The International Olympic Committee’s listing of nearly 50 consultants connected to Calgary’s Olympic bid is raising questions around cost and potential conflict of interest if the Winter Games do come to the city in 2026.
According to names made public on the IOC website, Calgary 2026 called on the services of up to 46 consultants from a variety of locations around the world including Brazil, the United States, Vancouver and Calgary.
The lengthy list compares to only 10 consultants attached to Sweden’s bid for 2026, and zero listed for Italy’s bid.
Ruth Anne Beck, a spokeswoman for Calgary 2026, the group created to oversee the Olympic bid, explained that in June of this year, several temporary contractors were hired to work on Calgary’s bid but most for only a short time.
“This prudent approach was chosen to not spend money to hire permanent employees for a process that, until the IOC announces the Game host in June 2019, is temporary in nature,” she said.
“A few international contractors with recent Games experience were hired to lend their expertise. For example, an expert in venues was brought in from the U.S. to ensure the lowest operational cost for the Calgary’s bid. Another expert from Brazil worked remotely for three days because that individual was an expert in Games technology.”
While 46 consultants are registered on the IOC website, she added, the work they contributed towards the bid was temporary in nature, and on average, lasted only five days. The list of consultants also captures any person who worked on the bid in the last two years, even pre-dating the formation of BidCo.
Beck, however, would not detail the total amount of dollars spent on consultants alone, providing only a general number for bid spending.
“In 2016, $30 million was set aside to prepare and present a bid to the IOC — a cost that is shared by the federal, provincial and municipal governments. To date, approximately $10 million has been spent.”
But Coun. Jeromy Farkas said the long consultants’ list raises several questions around spending and conflicts of interest.
“It’s good that those who are working on the bid are disclosing that they are, they’re putting themselves out there. But that said I’d like to know how potential conflict of interest may be handled.”
Farkas asked that if Calgary wins the bid, will some of the construction or development companies who are consulting, for instance, be the same ones chosen to build affordable housing or upgrade facilities?
“Is that right? And how will that be handled?”
Consultants listed include names beside companies like Kondwani Bwanali of the Calgary Municipal Land Corporation and Lizette Parsons Bell with Umbrella Strategies, a communications firm based in Vancouver.
But most consultants are simply names listed beside a country, with no company name listed like Amber Wallbeck from the USA and Elly Resende from Brazil.

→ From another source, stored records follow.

(* Let $N\geq 1$, let $U\in M_{2N}(\mathbb{C})$ be unitary with $U^{\rm T}=-U$, and let $\Phi^U_{4N}$ be the map defined on block matrices $X=\begin{pmatrix} X_{11} & X_{12}\\ X_{21} & X_{22}\end{pmatrix}$ ($X_{kl}\in M_{2N}(\mathbb{C})$) by $$\Phi^U_{4N}(X)=\frac{1}{2N}\begin{pmatrix} \mathbb{I}_{2N}\,\mathrm{Tr}X_{22} & -\big(X_{12}+UX_{21}^{\rm T}U^\dagger\big)\\ -\big(X_{21}+UX_{12}^{\rm T}U^\dagger\big) & \mathbb{I}_{2N}\,\mathrm{Tr}X_{11}\end{pmatrix}.$$ Let $P^+_{4N}=\frac{1}{4N}\sum_{k,l=1}^{4N}|k\rangle\langle l|\otimes|k\rangle\langle l|$, $W^U_{4N}=(\mathrm{id}\otimes\Phi^U_{4N})P^+_{4N}$, and for $\lambda\in[0,1]$ let $\rho_\lambda=\frac{\lambda}{(4N)^2}\mathbb{I}_{4N}\otimes\mathbb{I}_{4N}+(1-\lambda)P^+_{4N}$ be the isotropic state. If $\rho_\lambda$ is entangled, equivalently if $\lambda<\frac{4N}{4N+1}$, then $\mathrm{Tr}(W^U_{4N}\rho_\lambda)<0$.
   Context: $\{|k\rangle\}$ is the standard basis of $\mathbb{C}^{4N}$; $\mathrm{id}$ is the identity map on $M_{4N}(\mathbb{C})$. *)

theory Defs
  imports "Jordan_Normal_Form.Matrix" "HOL-Library.Complex_Order"
begin

text \<open>Standard basis vectors are indexed from 0; the tensor product of an n x n and an m x m
  matrix uses the basis ordering |i> (x) |j> |-> i*m + j (Kronecker product).\<close>

definition mtrace :: "complex mat \<Rightarrow> complex" where
  "mtrace A = (\<Sum>i<dim_row A. A $$ (i, i))"

definition adj :: "complex mat \<Rightarrow> complex mat" where
  "adj A = mat (dim_col A) (dim_row A) (\<lambda>(i, j). cnj (A $$ (j, i)))"

definition unitary_mat :: "nat \<Rightarrow> complex mat \<Rightarrow> bool" where
  "unitary_mat n U \<longleftrightarrow> U \<in> carrier_mat n n \<and> U * adj U = 1\<^sub>m n \<and> adj U * U = 1\<^sub>m n"

definition kron :: "complex mat \<Rightarrow> complex mat \<Rightarrow> complex mat" where
  "kron A B = mat (dim_row A * dim_row B) (dim_col A * dim_col B)
     (\<lambda>(i, j). A $$ (i div dim_row B, j div dim_col B) * B $$ (i mod dim_row B, j mod dim_col B))"

definition ket_bra :: "nat \<Rightarrow> nat \<Rightarrow> nat \<Rightarrow> complex mat" where
  "ket_bra n k l = mat n n (\<lambda>(i, j). if i = k \<and> j = l then 1 else 0)"

definition PhiU :: "nat \<Rightarrow> complex mat \<Rightarrow> complex mat \<Rightarrow> complex mat" where
  "PhiU N U X = (let m = 2 * N; (X11, X12, X21, X22) = split_block X m m in
     (1 / of_nat (2 * N)) \<cdot>\<^sub>m
       four_block_mat (mtrace X22 \<cdot>\<^sub>m 1\<^sub>m m) (- (X12 + U * transpose_mat X21 * adj U))
                      (- (X21 + U * transpose_mat X12 * adj U)) (mtrace X11 \<cdot>\<^sub>m 1\<^sub>m m))"

text \<open>(id_n (x) Phi) applied to an (n*m) x (n*m) matrix M: Phi (on M_m) is applied to each
  m x m block M_{kl} of M, i.e. (id (x) Phi)(sum |k><l| (x) M_{kl}) = sum |k><l| (x) Phi(M_{kl}).\<close>
definition id_tensor :: "nat \<Rightarrow> nat \<Rightarrow> (complex mat \<Rightarrow> complex mat) \<Rightarrow> complex mat \<Rightarrow> complex mat" where
  "id_tensor n m \<Phi> M = mat (n * m) (n * m) (\<lambda>(a, b).
     \<Phi> (mat m m (\<lambda>(i, j). M $$ ((a div m) * m + i, (b div m) * m + j))) $$ (a mod m, b mod m))"

definition Pplus :: "nat \<Rightarrow> complex mat" where
  "Pplus n = (1 / of_nat n) \<cdot>\<^sub>m
     mat (n * n) (n * n) (\<lambda>(a, b). \<Sum>k<n. \<Sum>l<n. kron (ket_bra n k l) (ket_bra n k l) $$ (a, b))"

definition WU :: "nat \<Rightarrow> complex mat \<Rightarrow> complex mat" where
  "WU N U = id_tensor (4 * N) (4 * N) (PhiU N U) (Pplus (4 * N))"

definition iso_state :: "nat \<Rightarrow> real \<Rightarrow> complex mat" where
  "iso_state n lam = (complex_of_real (lam / (real n)\<^sup>2)) \<cdot>\<^sub>m kron (1\<^sub>m n) (1\<^sub>m n)
                   + complex_of_real (1 - lam) \<cdot>\<^sub>m Pplus n"

end

theory Submission
  imports Defs
begin

text \<open>Write n = 4N. The isotropic state is rho = lam/n^2 * 1 + (1 - lam) * P+, so
  Tr (W rho) = lam/n^2 * Tr W + (1 - lam) * Tr (W P+). Since Phi is trace preserving,
  Tr W = Tr P+ = 1. Pairing with P+ picks out the entries <kk|W|ll> = Phi(|k><l|)_(k,l) / n,
  which vanish when k and l lie in the same half of the basis and equal -1/(2N n) otherwise;
  there are n^2/2 such pairs, so Tr (W P+) = -1/n. Hence Tr (W rho) = lam/n^2 - (1 - lam)/n,
  which is negative exactly when lam < n/(n+1).\<close>

lemma sum_lessThan_mult:
  fixes f :: "nat \<Rightarrow> 'a::comm_monoid_add"
  shows "(\<Sum>a<m * n. f a) = (\<Sum>k<m. \<Sum>i<n. f (k * n + i))"
proof -
  have "(\<Sum>a<m * n. f a) = (\<Sum>k<m. \<Sum>a\<in>{k * n..<k * n + n}. f a)"
    using sum.nat_group[of f n m] by simp
  also have "\<dots> = (\<Sum>k<m. \<Sum>i<n. f (k * n + i))"
  proof (rule sum.cong[OF refl])
    fix k
    show "(\<Sum>a\<in>{k * n..<k * n + n}. f a) = (\<Sum>i<n. f (k * n + i))"
      using sum.shift_bounds_nat_ivl[of f 0 "k * n" n] by (simp add: atLeast0LessThan add.commute)
  qed
  finally show ?thesis .
qed

lemma sum_if_lower_half:
  "(\<Sum>i<2 * m. if (i < m) = P then c else 0) = of_nat m * (c::'a::semiring_1)"
proof -
  let ?f = "\<lambda>i. if (i < m) = P then c else 0"
  have "(\<Sum>i<2 * m. ?f i) = (\<Sum>i\<in>{..<m} \<union> {m..<2 * m}. ?f i)"
    by (intro sum.cong) auto
  also have "\<dots> = (\<Sum>i<m. ?f i) + (\<Sum>i\<in>{m..<2 * m}. ?f i)"
    by (intro sum.union_disjoint) auto
  also have "\<dots> = (\<Sum>i<m. if P then c else 0) + (\<Sum>i\<in>{m..<2 * m}. if P then 0 else c)"
    by (intro arg_cong2[where f = "(+)"] sum.cong) auto
  finally show ?thesis by (cases P) simp_all
qed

Coun. Druh Farrell added that while a long list does suggest Calgary 2026 has done everything possible to ensure a strong bid, she says the selection of so many international and Vancouver experts does not allow for a grassroots approach.
“We haven’t done any local consultation. This has been a top down vision that is not developed by Calgarians.
“It doesn’t mean our bid is not good, it’s very good. It’s just not made in Calgary. In 1988 it really was. The bid, the ideas, all came from the citizenry.”
But Coun. Shane Keating argued that a long list of consultants only means that Calgary 2026 will have a strong bid that draws on a wide range of expertise.
“It depends what the contracts are and what they’re being asked to do.
“But it’s quite possible many of these are very small contracts, and we are simply doing our due diligence.”